Starlight Glimmer: [slightly muffled, over loudspeaker] In sameness, there is peace. Exceptionalism is a lie.

Starlight Glimmer: Free yourself from your cutie mark. Choose equality as your special talent.

Rainbow Dash: [over] [grunting]

Starlight Glimmer: [voice fades under] Difference is frustration. To excel is to fail.

Twilight: Ugh, we've gotta find a way out of here!
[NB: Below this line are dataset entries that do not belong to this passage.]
lemma has_derivative_snd_nth:
  "((\<lambda>q::real \<times> (real^'k). snd q $ j) has_derivative (\<lambda>w. snd w $ j)) (at p)"
  by (rule bounded_linear_imp_has_derivative)
     (rule bounded_linear_compose[OF bounded_linear_vec_nth bounded_linear_snd])

definition ruling_velocity ::
    "(real \<Rightarrow> 'a::euclidean_space) \<Rightarrow> ('k::finite \<Rightarrow> real \<Rightarrow> 'a) \<Rightarrow> real \<Rightarrow> real^'k \<Rightarrow> 'a" where
  "ruling_velocity \<gamma> X t u =
     vector_derivative \<gamma> (at t) + (\<Sum>j\<in>UNIV. u $ j *\<^sub>R vector_derivative (X j) (at t))"

definition ruled_differential :: "(real \<Rightarrow> 'a::euclidean_space) \<Rightarrow> ('k::finite \<Rightarrow> real \<Rightarrow> 'a) \<Rightarrow>
    real \<times> (real^'k) \<Rightarrow> real \<times> (real^'k) \<Rightarrow> 'a" where
  "ruled_differential \<gamma> X p z =
     fst z *\<^sub>R ruling_velocity \<gamma> X (fst p) (snd p) + (\<Sum>j\<in>UNIV. snd z $ j *\<^sub>R X j (fst p))"

text \<open>D\<twosuperior>\<sigma>_p(v, w): the only nonvanishing second partials of \<sigma> are \<partial>\<twosuperior>\<sigma>/\<partial>t\<twosuperior> and
  \<partial>\<twosuperior>\<sigma>/\<partial>t\<partial>u_j = X_j'(t).\<close>
definition ruled_second_differential :: "(real \<Rightarrow> 'a::euclidean_space) \<Rightarrow> ('k::finite \<Rightarrow> real \<Rightarrow> 'a) \<Rightarrow>
    real \<times> (real^'k) \<Rightarrow> real \<times> (real^'k) \<Rightarrow> real \<times> (real^'k) \<Rightarrow> 'a" where
  "ruled_second_differential \<gamma> X p v w =
     (fst v * fst w) *\<^sub>R (vector_derivative (\<lambda>s. vector_derivative \<gamma> (at s)) (at (fst p))
        + (\<Sum>j\<in>UNIV. snd p $ j *\<^sub>R vector_derivative (\<lambda>s. vector_derivative (X j) (at s)) (at (fst p))))
     + fst v *\<^sub>R (\<Sum>j\<in>UNIV. snd w $ j *\<^sub>R vector_derivative (X j) (at (fst p)))
     + fst w *\<^sub>R (\<Sum>j\<in>UNIV. snd v $ j *\<^sub>R vector_derivative (X j) (at (fst p)))"

lemma has_derivative_ruled_map:
  assumes "\<gamma> differentiable (at (fst p))" "\<And>j. X j differentiable (at (fst p))"
  shows "(ruled_map \<gamma> X has_derivative ruled_differential \<gamma> X p) (at p)"
proof -
  have "((\<lambda>q. \<gamma> (fst q) + (\<Sum>j\<in>UNIV. snd q $ j *\<^sub>R X j (fst q))) has_derivative
     (\<lambda>w. fst w *\<^sub>R vector_derivative \<gamma> (at (fst p)) + (\<Sum>j\<in>UNIV.
        snd p $ j *\<^sub>R (fst w *\<^sub>R vector_derivative (X j) (at (fst p))) + snd w $ j *\<^sub>R X j (fst p)))) (at p)"
    by (intro has_derivative_add has_derivative_sum has_derivative_scaleR has_derivative_comp_fst
        has_derivative_snd_nth assms)
  then show ?thesis
    unfolding ruled_map_def[abs_def] ruled_differential_def[abs_def] ruling_velocity_def
    by (rule has_derivative_eq_rhs) (auto simp: fun_eq_iff sum.distrib scaleR_sum_right algebra_simps)
qed

lemma has_derivative_ruled_differential:
  assumes "(\<lambda>s. vector_derivative \<gamma> (at s)) differentiable (at (fst p))"
    and "\<And>j. (\<lambda>s. vector_derivative (X j) (at s)) differentiable (at (fst p))"
    and "\<And>j. X j differentiable (at (fst p))"
  shows "((\<lambda>q. ruled_differential \<gamma> X q v) has_derivative ruled_second_differential \<gamma> X p v) (at p)"
proof -
  have "((\<lambda>q. fst v *\<^sub>R (vector_derivative \<gamma> (at (fst q)) + (\<Sum>j\<in>UNIV. snd q $ j *\<^sub>R vector_derivative (X j) (at (fst q))))
      + (\<Sum>j\<in>UNIV. snd v $ j *\<^sub>R X j (fst q))) has_derivative
     (\<lambda>w. fst v *\<^sub>R (fst w *\<^sub>R vector_derivative (\<lambda>s. vector_derivative \<gamma> (at s)) (at (fst p))
      + (\<Sum>j\<in>UNIV. snd p $ j *\<^sub>R (fst w *\<^sub>R vector_derivative (\<lambda>s. vector_derivative (X j) (at s)) (at (fst p))) + snd w $ j *\<^sub>R vector_derivative (X j) (at (fst p))))
      + (\<Sum>j\<in>UNIV. snd v $ j *\<^sub>R (fst w *\<^sub>R vector_derivative (X j) (at (fst p)))))) (at p)"
    by (intro has_derivative_add has_derivative_sum has_derivative_scaleR has_derivative_const
        has_derivative_scaleR_right has_derivative_snd_nth assms
        has_derivative_comp_fst[where f="\<lambda>s. vector_derivative _ (at s)", simplified]
        has_derivative_comp_fst)
  then show ?thesis
    unfolding ruled_differential_def[abs_def] ruled_second_differential_def[abs_def] ruling_velocity_def
    by (rule has_derivative_eq_rhs)
       (auto simp: fun_eq_iff sum.distrib scaleR_sum_right scaleR_add_right algebra_simps)
qed

lemma frechet_derivative_ruled_map:
  assumes "ruled_data I \<gamma> X" "fst p \<in> I"
  shows "frechet_derivative (ruled_map \<gamma> X) (at p) = ruled_differential \<gamma> X p"
    and "(ruled_map \<gamma> X has_derivative ruled_differential \<gamma> X p) (at p)"
proof -
  show "(ruled_map \<gamma> X has_derivative ruled_differential \<gamma> X p) (at p)"
    using ruled_data_differentiable[OF assms] by (intro has_derivative_ruled_map)
  then show "frechet_derivative (ruled_map \<gamma> X) (at p) = ruled_differential \<gamma> X p"
    by (metis frechet_derivative_at)
qed

lemma second_deriv_ruled_map:
  assumes "ruled_data I \<gamma> X" "fst p \<in> I"
  shows "second_deriv (ruled_map \<gamma> X) p v w = ruled_second_differential \<gamma> X p v w"
proof -
  have "open I" using assms(1) by (simp add: ruled_data_def open_interval_def)
  have "((\<lambda>q. ruled_differential \<gamma> X q v) has_derivative ruled_second_differential \<gamma> X p v) (at p)"
    using ruled_data_differentiable[OF assms] by (intro has_derivative_ruled_differential)
  then have "((\<lambda>q. frechet_derivative (ruled_map \<gamma> X) (at q) v)
              has_derivative ruled_second_differential \<gamma> X p v) (at p)"
  proof (rule has_derivative_transform_within_open[where s="I \<times> UNIV"])
    show "open (I \<times> (UNIV :: (real^'b) set))" using \<open>open I\<close> by (simp add: open_Times)
    show "p \<in> I \<times> UNIV" using assms(2) by (simp add: mem_Times_iff)
  qed (simp add: frechet_derivative_ruled_map(1)[OF assms(1)] mem_Times_iff)
  then show ?thesis unfolding second_deriv_def by (metis frechet_derivative_at)
qed

lemma orth_proj_perp_ruled_differential:
  "orth_proj_perp (ruling_dist X (fst p)) (ruled_differential \<gamma> X p z) =
     fst z *\<^sub>R orth_proj_perp (ruling_dist X (fst p)) (ruling_velocity \<gamma> X (fst p) (snd p))"
proof -
  let ?D = "ruling_dist X (fst p)"
  have sD: "subspace ?D" by (simp add: ruling_dist_def)
  have "X j (fst p) \<in> ?D" for j by (auto simp: ruling_dist_def intro: span_base)
  then have "orth_proj_perp ?D (X j (fst p)) = 0" for j by (simp add: orth_proj_perp_eq_0_iff[OF sD])
  then show ?thesis
    using linear_orth_proj_perp[OF sD]
    by (simp add: ruled_differential_def linear_add linear_scale linear_sum)
qed

lemma inj_ruled_differential:
  assumes orthonormal: "\<And>i j. X i (fst p) \<bullet> X j (fst p) = (if i = j then 1 else 0)"
    and transversal: "ruling_velocity \<gamma> X (fst p) (snd p) \<notin> ruling_dist X (fst p)"
  shows "inj (ruled_differential \<gamma> X p)"
proof -
  have "linear (ruled_differential \<gamma> X p)"
    by (rule linearI) (simp_all add: ruled_differential_def algebra_simps sum.distrib scaleR_sum_right)
  moreover have "z = 0" if z: "ruled_differential \<gamma> X p z = 0" for z
  proof -
    have sD: "subspace (ruling_dist X (fst p))" by (simp add: ruling_dist_def)
    have "orth_proj_perp (ruling_dist X (fst p)) (ruling_velocity \<gamma> X (fst p) (snd p)) \<noteq> 0"
      using transversal by (simp add: orth_proj_perp_eq_0_iff[OF sD])
    moreover have "fst z *\<^sub>R orth_proj_perp (ruling_dist X (fst p)) (ruling_velocity \<gamma> X (fst p) (snd p)) = 0"
      using orth_proj_perp_ruled_differential[of X p \<gamma> z] z linear_0[OF linear_orth_proj_perp[OF sD]]
      by simp
    ultimately have "fst z = 0" by simp
    then have "(\<Sum>j\<in>UNIV. snd z $ j *\<^sub>R X j (fst p)) = 0" using z by (simp add: ruled_differential_def)
    then have "snd z $ k = 0" for k using inner_sum_orthonormal[OF orthonormal, of "\<lambda>j. snd z $ j" k] by simp
    with \<open>fst z = 0\<close> show "z = 0" by (simp add: prod_eq_iff vec_eq_iff)
  qed
  ultimately show ?thesis by (simp add: linear_inj_iff_eq_0)
qed

lemma regular_point_ruled_map:
  assumes "ruled_data I \<gamma> X" "fst p \<in> I"
    and "ruling_velocity \<gamma> X (fst p) (snd p) \<notin> ruling_dist X (fst p)"
  shows "regular_point (ruled_map \<gamma> X) p"
  using assms frechet_derivative_ruled_map[OF assms(1,2)]
  by (auto simp: regular_point_def differentiable_def ruled_data_def intro!: inj_ruled_differential)

lemma subspace_tangent_space:
  assumes "\<sigma> differentiable (at p)"
  shows "subspace (tangent_space \<sigma> p)"
  unfolding tangent_space_def
  using assms frechet_derivative_works has_derivative_linear linear_subspace_image subspace_UNIV
  by blast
I can't take much more of that voice!

Rarity: Oh, this is horrible! [crying]

Fluttershy: There, there, Rarity... It's not so bad...

Twilight: You kidding!?.. This is almost as bad as when Master Sword slept over at my place on christmas!


FLASHBACK:

Twilight: (sleeping soundly).. (she is suddenly awaken by a loud gunshot) WHAT THE HELL WAS THAT!? (runs done stairs, and suddenly gasps)..

Master Sword: (holding pistol, and Santa Clause is seen laying dead from a bullet though his head).. (groans). Before you start.

Twilight: Jesus christ!

Master Sword: (annoyedly) Okay! Before, you, start!

Twilight: HOLLY SHIT!

Master Sword: (annoyed) You gonna let me explain!?

Twilight: (angry) Yes Sword! I would love to know why you shot and killed, FATHER CHRISTMAS!

Master Sword: ... He startled me!

Twilight: (annoyed) HE STARTLED YOU!?

Master Sword: He! Startled me!

Twilight: (sarcastically) Oh, guess he should apologize than!

Master Sword: Well. That'll be kinda hard, cause.. I shot him..

Twilight: Great... So what now.

Master Sword: Well. Looks like I better save Christmas..

Twilight: You can't be serious!?

Master Sword: I don't see any other opinion..

Twilight: ... You planned this, didn't you!?

Master sword: Whaaaaat!? No!

Twilight: You planned this! I know you did!

Master Sword: You honestly think I wou-

Spike: (comes out, in elf costume) Hey Sword. The sled is ready, an. (sees twilight). Uh oh..

(long pause).

Master Sword: You would not believe how cheap that elf costume was.

Twilight: (starts growling)

Master Sword: (happily) I stole it.

Twilight: SWOOO-

Master Sword: LET ME HAVE MY NIGHTMARE BEFORE CHRISTMAS MOMENT!